Advertisement

The Celtics shook off a 40-point LeBron triple-double to take a 2-0 lead

After the Boston Celtics stomped out his Cleveland Cavaliers to open the 2018 Eastern Conference finals on Sunday, LeBron James kept it cool, insisting he had “zero level of concern at this stage” with his team down a game in the best-of-seven set. He might not deign to admit it, but facing an 0-2 deficit after the Cavs got thoroughly outplayed down the stretch of a game in which he’d put up the third 40-point triple-double of his career? That probably ought to concern him just a smidge.

Coming off a disappointing start to the series, Brad Stevens’ Celtics expected to get a monster effort from James in Game 2. He obliged, scoring a game-high 42 points on 16-for-29 shooting with 12 assists, 10 rebounds and a block in 42 minutes of play …

… and it barely made a lick of difference.

Boston choked out the Cavs in the second half, limiting the three-time-defending Eastern Conference champs to 39 points on 39 shots after halftime before pulling away in the closing minutes for a 107-94 win. The Celtics have successfully defended home court, drawing within two wins of the NBA Finals and giving LeBron, coach Tyronn Lue and the rest of a disheveled-looking Cavs team an awful lot to think about in the extended three-day layoff before the series resumes in Cleveland with Game 3 on Saturday.

The last Eastern team to put LeBron in an 0-2 hole? They wore green, too. And they won it all.
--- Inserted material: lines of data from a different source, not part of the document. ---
(* Let $p,q,s,u,v,w,t$ be parameters and let $(a_n)_{n\ge0}$ be defined by $a_0=1$, $a_1=p$, $a_2=q$, $a_3=s$ and, for $n\ge4$, $$a_n=u\,a_{n-1}+v\,a_{n-2}+w\,a_{n-3}+t\sum_{k=1}^{n-4}a_ka_{n-k-3}.$$ Let $N(x)=1+(p-u)x-(v+pu-q)x^2-(w-s-t+qu+pv)x^3$ and $D(x)=1-ux-vx^2-(w-2t)x^3$. Then the generating function $\sum_{n\ge0}a_nx^n$ equals $$\left(\frac{N(x)}{D(x)},\ \frac{tx^3N(x)}{D(x)^2}\right)\cdot c(x)=\frac{N(x)}{D(x)}\,c\!\left(\frac{tx^3N(x)}{D(x)^2}\right).$$
   Context: $c(x)=\frac{1-\sqrt{1-4x}}{2x}$ is the generating function of the Catalan numbers. For power series $g(x)$ with $g(0)\neq0$ and $f(x)$ with $f(0)=0$, the Riordan array $(g,f)$ acts on a power series $h(x)$ by $(g,f)\cdot h(x)=g(x)h(f(x))$. *)

theory Defs
  imports "HOL-Computational_Algebra.Formal_Power_Series"
begin

definition catalan :: "nat \<Rightarrow> nat" where
  "catalan n = (2 * n choose n) div (n + 1)"

definition catalan_fps :: "'a::comm_ring_1 fps" where
  "catalan_fps = Abs_fps (\<lambda>n. of_nat (catalan n))"

text \<open>Action of the Riordan array (g, f) on a power series h: g(x) h(f(x)).\<close>
definition riordan_act :: "'a::field fps \<Rightarrow> 'a fps \<Rightarrow> 'a fps \<Rightarrow> 'a fps" where
  "riordan_act g f h = g * fps_compose h f"

end

(*
  With A = sum a_n x^n and T = t x^3, the recurrence says exactly that A D - T A^2 = N:
  the convolution sum_{k=1..n-4} a_k a_(n-k-3) is the coefficient of x^n in x^3 A^2 minus its
  two boundary terms 2 a_(n-3), which is where w - 2t in D comes from, and N collects the
  initial terms. Since c = 1 + x c^2, the series G = (N/D) c(T N/D^2) satisfies the same
  quadratic equation. Two solutions A, G give (A - G) (D - T (A + G)) = 0, and the second
  factor has constant term 1, so A = G. The identity c = 1 + x c^2 comes from the Vandermonde
  convolution for -1/2, sum_k C(2k,k) C(2n-2k,n-k) = 4^n, i.e. sum C(2n,n) x^n = 1/sqrt(1 - 4x).
*)
theory Submission
  imports Defs
begin

lemma central_binomial_gchoose:
  "real (2 * n choose n) = (-4) ^ n * ((-1/2) gchoose n)"
proof -
  have "real (2 * n choose n) = fact (2 * n) / (fact n * fact n)"
    by (simp add: binomial_fact)
  also have "\<dots> = 4 ^ n * pochhammer (1/2) n / fact n"
    by (simp add: fact_double power_mult)
  also have "\<dots> = (-4) ^ n * ((-1) ^ n * pochhammer (1/2) n / fact n)"
    by (simp add: power_mult_distrib[symmetric])
  finally show ?thesis
    by (simp add: gbinomial_pochhammer)
qed

lemma central_binomial_convolution:
  "(\<Sum>k = 0..n. real (2 * k choose k) * real (2 * (n - k) choose (n - k))) = 4 ^ n"
proof -
  have "(\<Sum>k = 0..n. real (2 * k choose k) * real (2 * (n - k) choose (n - k)))
      = (-4) ^ n * (\<Sum>k = 0..n. ((-1/2) gchoose k) * ((-1/2) gchoose (n - k)))"
    unfolding sum_distrib_left
  proof (rule sum.cong)
    fix k assume "k \<in> {0..n}"
    then have "(-4 :: real) ^ k * (-4) ^ (n - k) = (-4) ^ n"
      by (simp add: power_add[symmetric])
    then show "real (2 * k choose k) * real (2 * (n - k) choose (n - k))
        = (-4) ^ n * (((-1/2) gchoose k) * ((-1/2) gchoose (n - k)))"
      by (simp add: central_binomial_gchoose)
  qed simp
  also have "\<dots> = (-4) ^ n * ((-1) gchoose n)"
    by (simp add: gbinomial_Vandermonde)
  also have "\<dots> = 4 ^ n"
    using gbinomial_minus[of "1::real" n]
    by (simp add: binomial_gbinomial[symmetric] power_mult_distrib[symmetric])
  finally show ?thesis .
qed

lemma central_binomial_Suc:
  "Suc n * (2 * Suc n choose Suc n) = 2 * (2 * n + 1) * (2 * n choose n)"
proof -
  have "Suc n * (2 * Suc n choose Suc n) = 2 * Suc n * (Suc (2 * n) choose n)"
    using binomial_absorption[of n "2 * Suc n"] by simp
  moreover have "Suc n * (Suc (2 * n) choose n) = (2 * n + 1) * (2 * n choose n)"
    using binomial_absorb_comp[of "Suc (2 * n)" n] by (simp add: Suc_diff_le)
  ultimately show ?thesis
    by (metis mult.assoc)
qed

lemma Suc_mult_catalan: "Suc n * catalan n = 2 * n choose n"
proof -
  have "Suc n * (2 * n choose Suc n) = n * (2 * n choose n)"
    using binomial_absorption[of n "2 * n"] binomial_absorb_comp[of "2 * n" n]
    by (simp only: mult_2 add_diff_cancel_right')
  then have "2 * n choose n = Suc n * ((2 * n choose n) - (2 * n choose Suc n))"
    by (simp add: diff_mult_distrib2)
  then show ?thesis
    unfolding catalan_def by (metis Suc_eq_plus1 nonzero_mult_div_cancel_left Zero_not_Suc)
qed

lemma central_binomial_fps_square:
  "(1 - 4 * fps_X) * Abs_fps (\<lambda>n. real (2 * n choose n)) ^ 2 = 1"
proof -
  have "Abs_fps (\<lambda>n. real (2 * n choose n)) ^ 2 = Abs_fps (\<lambda>n. 4 ^ n)"
    by (simp add: fps_eq_iff power2_eq_square fps_mult_nth central_binomial_convolution)
  moreover have "(1 - 4 * fps_X) * Abs_fps (\<lambda>n. 4 ^ n) = (1 :: real fps)"
  proof (rule fps_ext)
    fix n
    show "fps_nth ((1 - 4 * fps_X) * Abs_fps (\<lambda>n. 4 ^ n)) n = fps_nth (1 :: real fps) n"
      by (cases n) (simp_all add: algebra_simps numeral_fps_const)
  qed
  ultimately show ?thesis
    by simp
qed

lemma catalan_fps_central_binomial:
  "2 * fps_X * catalan_fps = 1 - (1 - 4 * fps_X) * Abs_fps (\<lambda>n. real (2 * n choose n))"
proof (rule fps_ext)
  fix n
  show "fps_nth (2 * fps_X * catalan_fps) n
      = fps_nth (1 - (1 - 4 * fps_X) * Abs_fps (\<lambda>n. real (2 * n choose n))) n"
  proof (cases n)
    case (Suc m)
    have "real (Suc m) * (2 * real (catalan m))
        = real (Suc m) * (4 * real (2 * m choose m) - real (2 * Suc m choose Suc m))"
      using arg_cong[OF Suc_mult_catalan[of m], of real]
        arg_cong[OF central_binomial_Suc[of m], of real]
      by (simp only: of_nat_mult of_nat_add of_nat_numeral of_nat_1) (simp add: algebra_simps)
    then have "2 * real (catalan m) = 4 * real (2 * m choose m) - real (2 * Suc m choose Suc m)"
      by simp
    then show ?thesis
      using Suc by (simp add: catalan_fps_def numeral_fps_const algebra_simps
          del: binomial_Suc_Suc)
  qed (simp add: numeral_fps_const)
qed

lemma catalan_fps_quadratic_real: "fps_X * catalan_fps ^ 2 = (catalan_fps :: real fps) - 1"
proof -
  define S :: "real fps" where "S = (1 - 4 * fps_X) * Abs_fps (\<lambda>n. real (2 * n choose n))"
  \<comment> \<open>\<open>S = sqrt (1 - 4x)\<close>, and \<open>2 x c = 1 - S\<close> is the closed form of \<open>c\<close>\<close>
  have S_square: "S ^ 2 = 1 - 4 * fps_X"
    using central_binomial_fps_square unfolding S_def
    by (simp add: power_mult_distrib power2_eq_square mult_ac)
  have "4 * fps_X * (fps_X * catalan_fps ^ 2 - catalan_fps + 1)
      = (2 * fps_X * catalan_fps) ^ 2 - 2 * (2 * fps_X * catalan_fps) + (4 * fps_X :: real fps)"
    by (simp add: algebra_simps power2_eq_square)
  also have "\<dots> = (1 - S) ^ 2 - 2 * (1 - S) + 4 * fps_X"
    unfolding S_def catalan_fps_central_binomial ..
  also have "\<dots> = 0"
    using S_square by (simp add: algebra_simps power2_eq_square)
  finally have "4 * fps_X * (fps_X * catalan_fps ^ 2 - catalan_fps + 1) = (0 :: real fps)" .
  moreover have "4 * fps_X \<noteq> (0 :: real fps)"
    by simp
  ultimately have "fps_X * catalan_fps ^ 2 - catalan_fps + 1 = (0 :: real fps)"
    by (simp only: mult_eq_0_iff) simp
  then show ?thesis
    by (simp add: algebra_simps)
qed

lemma catalan_Suc: "catalan (Suc n) = (\<Sum>i = 0..n. catalan i * catalan (n - i))"
proof -
  have "fps_nth (fps_X * catalan_fps ^ 2) (Suc n) = fps_nth (catalan_fps - 1 :: real fps) (Suc n)"
    by (simp only: catalan_fps_quadratic_real)
  then have "real (catalan (Suc n)) = real (\<Sum>i = 0..n. catalan i * catalan (n - i))"
    by (simp only: fps_X_mult_nth power2_eq_square) (simp add: fps_mult_nth catalan_fps_def)
  then show ?thesis
    by (simp only: of_nat_eq_iff)
qed

lemma catalan_fps_quadratic: "catalan_fps = 1 + fps_X * (catalan_fps :: 'a :: comm_ring_1 fps) ^ 2"
proof (rule fps_ext)
  fix n
  show "fps_nth catalan_fps n = fps_nth (1 + fps_X * (catalan_fps :: 'a fps) ^ 2) n"
  proof (cases n)
    case 0
    then show ?thesis
      by (simp add: catalan_fps_def catalan_def)
  next
    case (Suc m)
    then show ?thesis
      by (simp only: fps_add_nth fps_X_mult_nth power2_eq_square)
        (simp add: catalan_fps_def catalan_Suc fps_mult_nth)
  qed
qed

lemma fps_compose_catalan_fps:
  fixes F :: "'a :: idom fps"
  assumes "fps_nth F 0 = 0"
  shows "fps_compose catalan_fps F = 1 + F * (fps_compose catalan_fps F) ^ 2"
  by (subst catalan_fps_quadratic)
    (simp add: assms fps_compose_add_distrib fps_compose_mult_distrib fps_compose_power)

lemma fps_quadratic_solution_unique:
  fixes A B D T N :: "'a :: idom fps"
  assumes D0: "fps_nth D 0 \<noteq> 0" and T0: "fps_nth T 0 = 0"
    and A: "A * D - T * A ^ 2 = N" and B: "B * D - T * B ^ 2 = N"
  shows "A = B"
proof -
  have "(A - B) * (D - T * (A + B)) = (A * D - T * A ^ 2) - (B * D - T * B ^ 2)"
    by (simp add: algebra_simps power2_eq_square)
  also have "\<dots> = 0"
    by (simp add: A B)
  finally have "(A - B) * (D - T * (A + B)) = 0" .
  moreover have "D - T * (A + B) \<noteq> 0"
    using D0 T0 by (metis diff_zero fps_mult_nth_0 fps_sub_nth fps_zero_nth mult_zero_left)
  ultimately show ?thesis
    by simp
qed

lemma riordan_act_catalan_fps_quadratic:
  fixes D T N :: "'a :: field fps"
  assumes D0: "fps_nth D 0 \<noteq> 0" and T0: "fps_nth T 0 = 0"
  defines "G \<equiv> riordan_act (N * inverse D) (T * N * inverse (D ^ 2)) catalan_fps"
  shows "G * D - T * G ^ 2 = N"
proof -
  define F where "F = T * N * inverse (D ^ 2)"
  define K where "K = fps_compose catalan_fps F"
  have K: "K = 1 + F * K ^ 2"
    unfolding K_def by (rule fps_compose_catalan_fps) (simp add: F_def T0)
  have DD: "D * inverse D = 1"
    using D0 by (simp add: inverse_mult_eq_1')
  have "G * D - T * G ^ 2 = N * (K * (D * inverse D) - (T * N * inverse D ^ 2) * K ^ 2)"
    unfolding G_def riordan_act_def K_def F_def by (simp add: algebra_simps power2_eq_square)
  also have "\<dots> = N * (K - F * K ^ 2)"
    by (simp add: DD F_def fps_inverse_power)
  also have "\<dots> = N"
    using K by (metis add_diff_cancel_right' mult.right_neutral)
  finally show ?thesis .
qed

lemma fps_square_nth_Suc:
  fixes a :: "nat \<Rightarrow> 'a :: comm_ring_1"
  assumes "a 0 = 1"
  shows "fps_nth (Abs_fps a ^ 2) (Suc m) = 2 * a (Suc m) + (\<Sum>k = 1..m. a k * a (Suc m - k))"
proof -
  have "fps_nth (Abs_fps a ^ 2) (Suc m) = (\<Sum>k = 0..Suc m. a k * a (Suc m - k))"
    by (simp add: power2_eq_square fps_mult_nth)
  also have "\<dots> = a 0 * a (Suc m) + (\<Sum>k = 1..m. a k * a (Suc m - k)) + a (Suc m) * a 0"
    by (simp add: sum.atLeast0_atMost_Suc sum.atLeast_Suc_atMost)
  finally show ?thesis
    using assms by simp
qed

lemma fps_const_X_power_mult_nth:
  "fps_nth (fps_const c * fps_X ^ k * f) n = (if n < k then 0 else c * fps_nth f (n - k))"
  by (simp add: mult.assoc fps_X_power_mult_nth)

lemma recurrence_fps_quadratic:
  fixes p q s u v w t :: "'a :: comm_ring_1" and a :: "nat \<Rightarrow> 'a"
  assumes a0: "a 0 = 1" and a1: "a 1 = p" and a2: "a 2 = q" and a3: "a 3 = s"
    and rec: "\<And>n. n \<ge> 4 \<Longrightarrow>
           a n = u * a (n - 1) + v * a (n - 2) + w * a (n - 3)
                 + t * (\<Sum>k = 1..n - 4. a k * a (n - k - 3))"
  defines "N \<equiv> 1 + fps_const (p - u) * fps_X - fps_const (v + p * u - q) * fps_X ^ 2
               - fps_const (w - s - t + q * u + p * v) * fps_X ^ 3"
    and "D \<equiv> 1 - fps_const u * fps_X - fps_const v * fps_X ^ 2 - fps_const (w - 2 * t) * fps_X ^ 3"
  shows "Abs_fps a * D - fps_const t * fps_X ^ 3 * Abs_fps a ^ 2 = N"
proof (rule fps_ext)
  fix n
  let ?A = "Abs_fps a"
  have lhs: "fps_nth (?A * D - fps_const t * fps_X ^ 3 * ?A ^ 2) n
      = a n - fps_nth (fps_const u * fps_X ^ 1 * ?A) n
        - fps_nth (fps_const v * fps_X ^ 2 * ?A) n
        - fps_nth (fps_const (w - 2 * t) * fps_X ^ 3 * ?A) n
        - fps_nth (fps_const t * fps_X ^ 3 * ?A ^ 2) n"
    unfolding D_def by (simp add: algebra_simps)
  have rhs: "fps_nth N n = (if n = 0 then 1 else if n = 1 then p - u else if n = 2 then q - v - p * u
      else if n = 3 then s + t - w - q * u - p * v else 0)"
    unfolding N_def by simp
  show "fps_nth (?A * D - fps_const t * fps_X ^ 3 * ?A ^ 2) n = fps_nth N n"
  proof (cases "n < 4")
    case True
    then consider "n = 0" | "n = 1" | "n = 2" | "n = 3"
      by linarith
    then show ?thesis
      unfolding lhs rhs fps_const_X_power_mult_nth
      using a1 by cases (simp_all add: a0 a2 a3 power2_eq_square fps_mult_nth)
  next
    case False
    then obtain j where j: "n = j + 4"
      by (metis add.commute le_Suc_ex not_less)
    have "a n = u * a (n - 1) + v * a (n - 2) + w * a (n - 3) + t * (\<Sum>k = 1..j. a k * a (Suc j - k))"
      using rec[of n] j by (simp add: Suc_diff_le)
    then show ?thesis
      unfolding lhs rhs fps_const_X_power_mult_nth
      using j by (simp add: fps_square_nth_Suc[of a, OF a0] algebra_simps)
  qed
qed

theorem mainTheorem7:
  fixes p q s u v w t :: "'a::field" and a :: "nat \<Rightarrow> 'a"
  assumes "a 0 = 1" and "a 1 = p" and "a 2 = q" and "a 3 = s"
    and "\<And>n. n \<ge> 4 \<Longrightarrow>
           a n = u * a (n - 1) + v * a (n - 2) + w * a (n - 3)
                 + t * (\<Sum>k = 1..n - 4. a k * a (n - k - 3))"
  defines "N \<equiv> 1 + fps_const (p - u) * fps_X - fps_const (v + p * u - q) * fps_X ^ 2
               - fps_const (w - s - t + q * u + p * v) * fps_X ^ 3"
    and "D \<equiv> 1 - fps_const u * fps_X - fps_const v * fps_X ^ 2 - fps_const (w - 2 * t) * fps_X ^ 3"
  shows "Abs_fps a = riordan_act (N * inverse D) (fps_const t * fps_X ^ 3 * N * inverse (D ^ 2)) catalan_fps
       \<and> riordan_act (N * inverse D) (fps_const t * fps_X ^ 3 * N * inverse (D ^ 2)) catalan_fps
         = (N * inverse D) * fps_compose catalan_fps (fps_const t * fps_X ^ 3 * N * inverse (D ^ 2))"
proof -
  define T :: "'a fps" where "T = fps_const t * fps_X ^ 3"
  have D0: "fps_nth D 0 \<noteq> 0" and T0: "fps_nth T 0 = 0"
    unfolding D_def T_def by simp_all
  have "Abs_fps a * D - T * Abs_fps a ^ 2 = N"
    using recurrence_fps_quadratic[OF assms(1-5)] unfolding N_def D_def T_def .
  moreover have "riordan_act (N * inverse D) (T * N * inverse (D ^ 2)) catalan_fps * D
      - T * riordan_act (N * inverse D) (T * N * inverse (D ^ 2)) catalan_fps ^ 2 = N"
    by (rule riordan_act_catalan_fps_quadratic[OF D0 T0])
  ultimately have "Abs_fps a = riordan_act (N * inverse D) (T * N * inverse (D ^ 2)) catalan_fps"
    by (rule fps_quadratic_solution_unique[OF D0 T0])
  then show ?thesis
    unfolding T_def riordan_act_def by simp
qed

end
Jaylen Brown and the Celtics went up and over LeBron James and the Cavaliers again in Tuesday night’s Game 2. (Getty)
Jaylen Brown and the Celtics went up and over LeBron James and the Cavaliers again in Tuesday night’s Game 2. (Getty)

Jaylen Brown continued his strong postseason, routinely attacking off the bounce when guarded by James and in the post when guarded by the likes of Kyle Korver on his way to a team-high 23 points on 9-for-18 shooting, seven rebounds, three assists and a steal in 35 minutes. He led six Celtics in double figures, all of whom made their presence felt at opportune times.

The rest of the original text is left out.